Stockholm, Oct 9 (DPA) The Nobel Peace Prize is regarded as the top award for efforts towards a more peaceful world and prominent laureates include Mother Teresa (1979), the Dalai Lama (1989) and Nelson Mandela (1993).

The award is handed out by a committee of the Norwegian parliament and the winners since 1998, including the citations given by the academy, were:

2008 – Martti Ahtisaari, Finnish ex-president and veteran peace broker was awarded the prize, with the Nobel Committee citing his efforts to solve conflicts on several continents and over three decades.

2007 – Former US vice president Al Gore and the UN’s Intergovernmental Panel on Climate Change (IPCC) – “for their efforts to build up and disseminate greater knowledge about man-made climate change, and to lay the foundations for the measures that are needed to counteract such change”.

2006 – Economic expert Muhammad Yunus and founder of the Grameen Bank, Bangladesh, and the Grameen Bank – “for their efforts to create economic and social development from below”.

2005 – The UN International Atomic Energy Agency, Vienna, and IAEA General Secretary Mohamed ElBaradei – “for their efforts to prevent nuclear energy from being used for military purposes and to ensure that nuclear energy for peaceful purposes is used in the safest possible way”.

2004 – Wangari Muta Maathai, Kenya – “for her contribution to sustainable development, democracy and peace”.

2003 – Shirin Ebadi, Iran – “for her efforts for democracy and human rights.
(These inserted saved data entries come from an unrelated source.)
lemma exists_norming_functional:
  fixes w :: "'a::real_normed_vector"
  shows "\<exists>F::'a \<Rightarrow>\<^sub>L real. norm F \<le> 1 \<and> blinfun_apply F w = norm w"
proof -
  obtain f where f: "linear f" "\<And>v. f v \<le> norm v" "f w = norm w"
    using exists_linear_norming by blast
  have bound: "\<bar>f v\<bar> \<le> norm v" for v
    using f(2)[of v] f(2)[of "- v"] linear_neg[OF f(1), of v] by simp
  have "bounded_linear f"
    using f(1) bound by (intro bounded_linear_intro[where K = 1]) (auto simp: linear_add linear_scale)
  then have "norm (Blinfun f) \<le> 1" "blinfun_apply (Blinfun f) w = norm w"
    using bound f(3) by (auto intro!: norm_blinfun_bound simp: bounded_linear_Blinfun_apply)
  then show ?thesis
    by blast
qed

section \<open>Octahedral sequences\<close>

definition octahedral_vector :: "'a::real_normed_vector set \<Rightarrow> real \<Rightarrow> 'a" where
  "octahedral_vector F e = (SOME y. norm y = 1 \<and>
     (\<forall>x\<in>span F. \<forall>t::real. norm (x + t *\<^sub>R y) \<ge> (1 - e) * (norm x + \<bar>t\<bar>)))"

lemma octahedral_vector:
  assumes "octahedral TYPE('a::real_normed_vector)" "finite (F::'a set)" "e > 0"
  shows "norm (octahedral_vector F e) = 1"
    and "\<And>x t. x \<in> span F \<Longrightarrow> norm (x + t *\<^sub>R octahedral_vector F e) \<ge> (1 - e) * (norm x + \<bar>t\<bar>)"
proof -
  have "\<exists>y. norm y = 1 \<and> (\<forall>x\<in>span F. \<forall>t::real. norm (x + t *\<^sub>R y) \<ge> (1 - e) * (norm x + \<bar>t\<bar>))"
    using assms unfolding octahedral_def by blast
  then have "norm (octahedral_vector F e) = 1 \<and>
      (\<forall>x\<in>span F. \<forall>t::real. norm (x + t *\<^sub>R octahedral_vector F e) \<ge> (1 - e) * (norm x + \<bar>t\<bar>))"
    unfolding octahedral_vector_def by (rule someI_ex)
  then show "norm (octahedral_vector F e) = 1"
    and "\<And>x t. x \<in> span F \<Longrightarrow> norm (x + t *\<^sub>R octahedral_vector F e) \<ge> (1 - e) * (norm x + \<bar>t\<bar>)"
    by blast+
qed

primrec octahedral_list :: "'a::real_normed_vector set \<Rightarrow> (nat \<Rightarrow> real) \<Rightarrow> nat \<Rightarrow> 'a list" where
  "octahedral_list A e 0 = []"
| "octahedral_list A e (Suc n) =
     octahedral_list A e n @ [octahedral_vector (A \<union> set (octahedral_list A e n)) (e n)]"

definition octahedral_seq :: "'a::real_normed_vector set \<Rightarrow> (nat \<Rightarrow> real) \<Rightarrow> nat \<Rightarrow> 'a" where
  "octahedral_seq A e n = last (octahedral_list A e (Suc n))"

lemma octahedral_list_eq: "octahedral_list A e n = map (octahedral_seq A e) [0..<n]"
  by (induction n) (auto simp: octahedral_seq_def)

lemma octahedral_seq:
  assumes "octahedral TYPE('a::real_normed_vector)" "finite (A::'a set)" "e n > 0"
  shows "norm (octahedral_seq A e n) = 1"
    and "\<And>z t. z \<in> span (A \<union> octahedral_seq A e ` {..<n}) \<Longrightarrow>
           norm (z + t *\<^sub>R octahedral_seq A e n) \<ge> (1 - e n) * (norm z + \<bar>t\<bar>)"
proof -
  have "octahedral_seq A e n = octahedral_vector (A \<union> octahedral_seq A e ` {..<n}) (e n)"
  proof -
    have "set (octahedral_list A e n) = octahedral_seq A e ` {..<n}"
      by (auto simp: octahedral_list_eq)
    then show ?thesis
      by (simp add: octahedral_seq_def)
  qed
  then show "norm (octahedral_seq A e n) = 1"
    and "\<And>z t. z \<in> span (A \<union> octahedral_seq A e ` {..<n}) \<Longrightarrow>
           norm (z + t *\<^sub>R octahedral_seq A e n) \<ge> (1 - e n) * (norm z + \<bar>t\<bar>)"
    using octahedral_vector[OF assms(1) _ assms(3)] assms(2) by simp_all
qed

lemma norming_functional_on_chain:
  fixes F :: "'a::real_normed_vector \<Rightarrow>\<^sub>L real" and z y :: "nat \<Rightarrow> 'a"
  assumes nF: "norm F \<le> 1" and top: "blinfun_apply F (z N) \<ge> norm (z N)"
    and step: "\<And>l. l < N \<Longrightarrow> z (Suc l) = z l + t l *\<^sub>R y l"
    and ny: "\<And>l. l < N \<Longrightarrow> norm (y l) = 1"
    and almost_additive: "\<And>l. l < N \<Longrightarrow> norm (z (Suc l)) \<ge> (1 - \<eta> l) * (norm (z l) + \<bar>t l\<bar>)"
  defines "E l \<equiv> \<Sum>i\<in>{l..<N}. \<eta> i * (norm (z i) + \<bar>t i\<bar>)"
  shows "l \<le> N \<Longrightarrow> blinfun_apply F (z l) \<ge> norm (z l) - E l"
    and "l < N \<Longrightarrow> t l * blinfun_apply F (y l) \<ge> \<bar>t l\<bar> - E l"
proof -
  have F_le: "blinfun_apply F v \<le> norm v" for v
    using norm_blinfun[of F v] mult_right_mono[OF nF norm_ge_zero[of v]] by simp
  have E_step: "E l = \<eta> l * (norm (z l) + \<bar>t l\<bar>) + E (Suc l)" if "l < N" for l
    unfolding E_def using that by (simp add: sum.atLeast_Suc_lessThan)
  have F_step: "blinfun_apply F (z (Suc l)) = blinfun_apply F (z l) + t l * blinfun_apply F (y l)"
    if "l < N" for l
    using step[OF that] by (simp add: blinfun.add_right blinfun.scaleR_right)
  have F_incr: "t l * blinfun_apply F (y l) \<le> \<bar>t l\<bar>" if "l < N" for l
    using F_le[of "t l *\<^sub>R y l"] ny[OF that] by (simp add: blinfun.scaleR_right)
  have norm_step: "norm (z (Suc l)) \<ge> norm (z l) + \<bar>t l\<bar> - \<eta> l * (norm (z l) + \<bar>t l\<bar>)"
    if "l < N" for l
    using almost_additive[OF that] by (simp add: algebra_simps)
  show points: "blinfun_apply F (z l) \<ge> norm (z l) - E l" if "l \<le> N" for l
    using that
  proof (induction l rule: inc_induct)
    case base
    then show ?case
      using top by (simp add: E_def)
  next
    case (step l)
    then show ?case
      using F_step[of l] F_incr[of l] norm_step[of l] E_step[of l] by linarith
  qed
  show "t l * blinfun_apply F (y l) \<ge> \<bar>t l\<bar> - E l" if "l < N"
    using that points[of "Suc l"] F_step[of l] F_le[of "z l"] norm_step[of l] E_step[of l]
    by simp
qed

lemma sum_half_powers:
  "l \<le> N \<Longrightarrow> (\<Sum>i\<in>{l..<N}. (1/2::real) ^ Suc i) = (1/2) ^ l - (1/2) ^ N"
  by (induction N) (auto simp: sum.atLeastLessThan_Suc le_Suc_eq)

text \<open>The denominator i + 2 absorbs the growth of the i-th point of the chain (its norm plus the
  next coefficient is at most i + 2), so the error accumulated from step l on is at most
  \<beta> / 2^l.\<close>

definition octahedral_tolerance :: "real \<Rightarrow> nat \<Rightarrow> real" where
  "octahedral_tolerance \<beta> i = \<beta> * (1/2) ^ Suc i / (real i + 2)"

definition sign_pattern :: "nat \<Rightarrow> nat \<Rightarrow> real" where
  "sign_pattern n j = (if j = n then 1 else -1)"

lemma octahedral_tolerance_pos: "\<beta> > 0 \<Longrightarrow> octahedral_tolerance \<beta> i > 0"
  unfolding octahedral_tolerance_def by simp

lemma sum_octahedral_tolerance_le:
  assumes "\<beta> > 0" and "l \<le> N" and b: "\<And>i. b i \<le> real i + 2"
  shows "(\<Sum>i\<in>{l..<N}. octahedral_tolerance \<beta> i * b i) \<le> \<beta> * (1/2) ^ l"
proof -
  have "(\<Sum>i\<in>{l..<N}. octahedral_tolerance \<beta> i * b i) \<le> (\<Sum>i\<in>{l..<N}. \<beta> * (1/2) ^ Suc i)"
  proof (rule sum_mono)
    fix i
    have "octahedral_tolerance \<beta> i * b i \<le> octahedral_tolerance \<beta> i * (real i + 2)"
      using b[of i] octahedral_tolerance_pos[OF \<open>\<beta> > 0\<close>, of i] by (intro mult_left_mono) auto
    also have "\<dots> = \<beta> * (1/2) ^ Suc i"
      unfolding octahedral_tolerance_def
      by (simp only: times_divide_eq_left) (rule nonzero_mult_div_cancel_right, simp)
    finally show "octahedral_tolerance \<beta> i * b i \<le> \<beta> * (1/2) ^ Suc i" .
  qed
  also have "\<dots> = \<beta> * ((1/2) ^ l - (1/2) ^ N)"
    by (simp only: sum_distrib_left[symmetric] sum_half_powers[OF \<open>l \<le> N\<close>])
  also have "\<dots> \<le> \<beta> * (1/2) ^ l"
    using \<open>\<beta> > 0\<close> by (simp add: mult_left_mono)
  finally show ?thesis .
qed
lemma Ln_separating_term:
  assumes n: "0 < n" and x: "x \<in> Ln n" and y: "y \<in> Ln n" and "x < y"
  obtains bs where "mv_iter bs x = 0" "mv_iter bs y = 1"
    "\<And>z. z \<in> Ln n \<Longrightarrow> mv_iter bs z = 0 \<or> mv_iter bs z = 1"
proof -
  have "real n < 2 ^ n" by (metis less_exp of_nat_less_iff of_nat_numeral of_nat_power)
  then have "(1/2) ^ n < 1 / real n" using n by (simp add: power_one_over field_simps)
  also have "\<dots> \<le> y - x" using Ln_diff_ge[OF n x y \<open>x < y\<close>] .
  finally obtain bs where bs: "mv_iter bs x = 0" "0 < mv_iter bs y"
    using mv_iter_separates Ln_bounds[OF n x] Ln_bounds[OF n y] by blast
  let ?bs = "bs @ replicate n True"
  have "mv_iter ?bs x = 0" "mv_iter ?bs y = 1"
    using bs mv_iter_replicate_oplus_Ln[OF n] zero_in_Ln mv_iter_in_Ln[OF n y]
    by (simp_all add: mv_iter_append)
  moreover have "mv_iter ?bs z = 0 \<or> mv_iter ?bs z = 1" if "z \<in> Ln n" for z
    using mv_iter_replicate_oplus_Ln[OF n mv_iter_in_Ln[OF n that]] by (simp add: mv_iter_append)
  ultimately show ?thesis using that by blast
qed

lemma LnF_restrict_iff: "(\<lambda>s\<in>S. h s) \<in> LnF n S \<longleftrightarrow> (\<forall>s\<in>S. h s \<in> Ln n)"
  by (simp add: LnF_def restrict_PiE_iff Pi_iff)

lemma LnF_apply: "f \<in> LnF n S \<Longrightarrow> s \<in> S \<Longrightarrow> f s \<in> Ln n"
  by (auto simp: LnF_def)

lemma fneg_in_LnF: "0 < n \<Longrightarrow> f \<in> LnF n S \<Longrightarrow> fneg S f \<in> LnF n S"
  by (simp add: fneg_def LnF_restrict_iff LnF_apply one_minus_in_Ln)

lemma fmin_in_LnF: "f \<in> LnF n S \<Longrightarrow> g \<in> LnF n S \<Longrightarrow> fmin S f g \<in> LnF n S"
  by (simp add: fmin_def LnF_restrict_iff LnF_apply min_def)

lemma fconst_in_LnF: "c \<in> Ln n \<Longrightarrow> fconst S c \<in> LnF n S"
  by (simp add: fconst_def LnF_restrict_iff)

lemma mv_iter_comp_in_LnF: "0 < n \<Longrightarrow> f \<in> LnF n S \<Longrightarrow> (\<lambda>s\<in>S. mv_iter bs (f s)) \<in> LnF n S"
  by (simp add: LnF_restrict_iff LnF_apply mv_iter_in_Ln)

lemma fneg_fconst: "fneg S (fconst S c) = fconst S (1 - c)"
  unfolding fneg_def fconst_def by (rule restrict_ext) simp

lemma homogeneous_mv_iter:
  assumes h: "homogeneous n N S E" and C: "C \<subseteq> N" and n: "0 < n" and f: "f \<in> LnF n S"
  shows "E C (\<lambda>s\<in>S. mv_iter bs (f s)) = mv_iter bs (E C f)"
  using f
proof (induction bs arbitrary: f)
  case Nil
  then have "(\<lambda>s\<in>S. f s) = f" by (simp add: LnF_def PiE_iff extensional_restrict)
  then show ?case by simp
next
  case (Cons b bs)
  define f' where "f' = (if b then foplus S f f else fodot S f f)"
  have f': "f' \<in> LnF n S" using Cons.prems n
    by (auto simp: f'_def foplus_def fodot_def LnF_restrict_iff LnF_apply
        mv_oplus_self_in_Ln mv_odot_self_in_Ln)
  have "(\<lambda>s\<in>S. mv_iter (b # bs) (f s)) = (\<lambda>s\<in>S. mv_iter bs (f' s))"
    by (rule restrict_ext) (simp add: f'_def foplus_def fodot_def)
  moreover have "E C f' = (if b then mv_oplus (E C f) (E C f) else mv_odot (E C f) (E C f))"
    using h C Cons.prems unfolding homogeneous_def f'_def by auto
  ultimately show ?case using Cons.IH[OF f'] by simp
qed
lemma fo2_equiv_0_iff:
  "fo2_equiv u i1 i2 v j1 j2 0 \<longleftrightarrow>
     letter u i1 = letter v j1 \<and> letter u i2 = letter v j2 \<and> ord i1 i2 = ord j1 j2"
  (is "?eq \<longleftrightarrow> ?atomic")
proof
  assume ?eq
  then have "sat u i1 i2 \<phi> = sat v j1 j2 \<phi>" if "qdepth \<phi> = 0" for \<phi> :: "'a fo2"
    using that by (simp add: fo2_equiv_def)
  from this[of "Qa (letter u i1) VX"] this[of "Qa (letter u i2) VY"]
    this[of "Lessv VX VY"] this[of "Eqv VX VY"]
  show ?atomic by (simp add: ord_eq_ord_iff)
next
  assume ?atomic
  have "sat u i1 i2 \<phi> = sat v j1 j2 \<phi>" if "qdepth \<phi> = 0" for \<phi> :: "'a fo2"
    using that
  proof (induction \<phi>)
    case (Qa a z)
    with \<open>?atomic\<close> show ?case by (cases z) auto
  next
    case (Eqv z z')
    with \<open>?atomic\<close> show ?case by (cases z; cases z') (auto simp: ord_eq_ord_iff)
  next
    case (Lessv z z')
    with \<open>?atomic\<close> show ?case by (cases z; cases z') (auto simp: ord_eq_ord_iff)
  qed auto
  then show ?eq by (simp add: fo2_equiv_def)
qed

section \<open>Ranker comparisons are definable\<close>

lemma ordo_Some_rk_eval:
  "r \<noteq> [] \<Longrightarrow> ordo (Some (val i j z)) (rk_eval w r) =
    (if sat w i j (rk_fml CLt (rev r) z) then Some OLess
     else if sat w i j (rk_fml CGt (rev r) z) then Some OGreater
     else if sat w i j (rk_fml CLe (rev r) z) then Some OEq else None)"
  by (cases "rk_eval w r") (auto simp: sat_rk_fml ord_def)

lemma rk_eval_eq_None_iff_sat:
  "r \<noteq> [] \<Longrightarrow> rk_eval w r = None \<longleftrightarrow> \<not> sat w i j (Disj (rk_fml CLe (rev r) VX) (rk_fml CGt (rev r) VX))"
  by (cases "rk_eval w r") (auto simp: sat_rk_fml)

lemma ordo_Min_opt:
  "finite E \<Longrightarrow> ordo (Min_opt E) (Some p) =
    (if E = {} then None else if \<exists>y\<in>E. y < p then Some OLess
     else if \<exists>y\<in>E. y \<le> p then Some OEq else Some OGreater)"
  by (auto simp: Min_opt_def ord_def Min_less_iff[symmetric] Min_le_iff[symmetric])

lemma ordo_Max_opt:
  "finite E \<Longrightarrow> ordo (Max_opt E) (Some p) =
    (if E = {} then None else if \<exists>y\<in>E. p < y then Some OGreater
     else if \<exists>y\<in>E. p \<le> y then Some OEq else Some OLess)"
  by (auto simp: Max_opt_def ord_def Max_gr_iff[symmetric] Max_ge_iff[symmetric] simp del: Max_less_iff)

lemma sat_cands_after:
  "rk_eval w r' = Some p' \<Longrightarrow>
    sat w i j (Exq VX (Conj (Qa a VX) (Conj (rk_fml CGt (rev r) VX) (rk_fml c (rev r') VX)))) \<longleftrightarrow>
    (\<exists>y\<in>cands_after w a r. cmp_holds c y p')"
  by (simp add: cands_after_def sat_rk_fml Bex_def; fastforce)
She has focused especially on the struggle for the rights of women and children”.

2002 – Former US president Jimmy Carter – “for his decades of untiring effort to find peaceful solutions to international conflicts, to advance democracy and human rights, and to promote economic and social development”.

2001 – The UN, and former UN General Secretary Kofi Annan of Ghana – “for their work for a better organised and more peaceful world”.

2000 – Former president of South Korea Kim Dae-Jung – “for his work for democracy and human rights in South Korea and in East Asia in general, and for peace and reconciliation with North Korea in particular”.

1999 – Doctors without Borders (Medecins sans frontieres), Geneva – “in recognition of the organization’s pioneering humanitarian work on several continents”.

1998 – John Hume and David Trimble, Britain – “for their efforts to find a peaceful solution to the conflict in Northern Ireland”.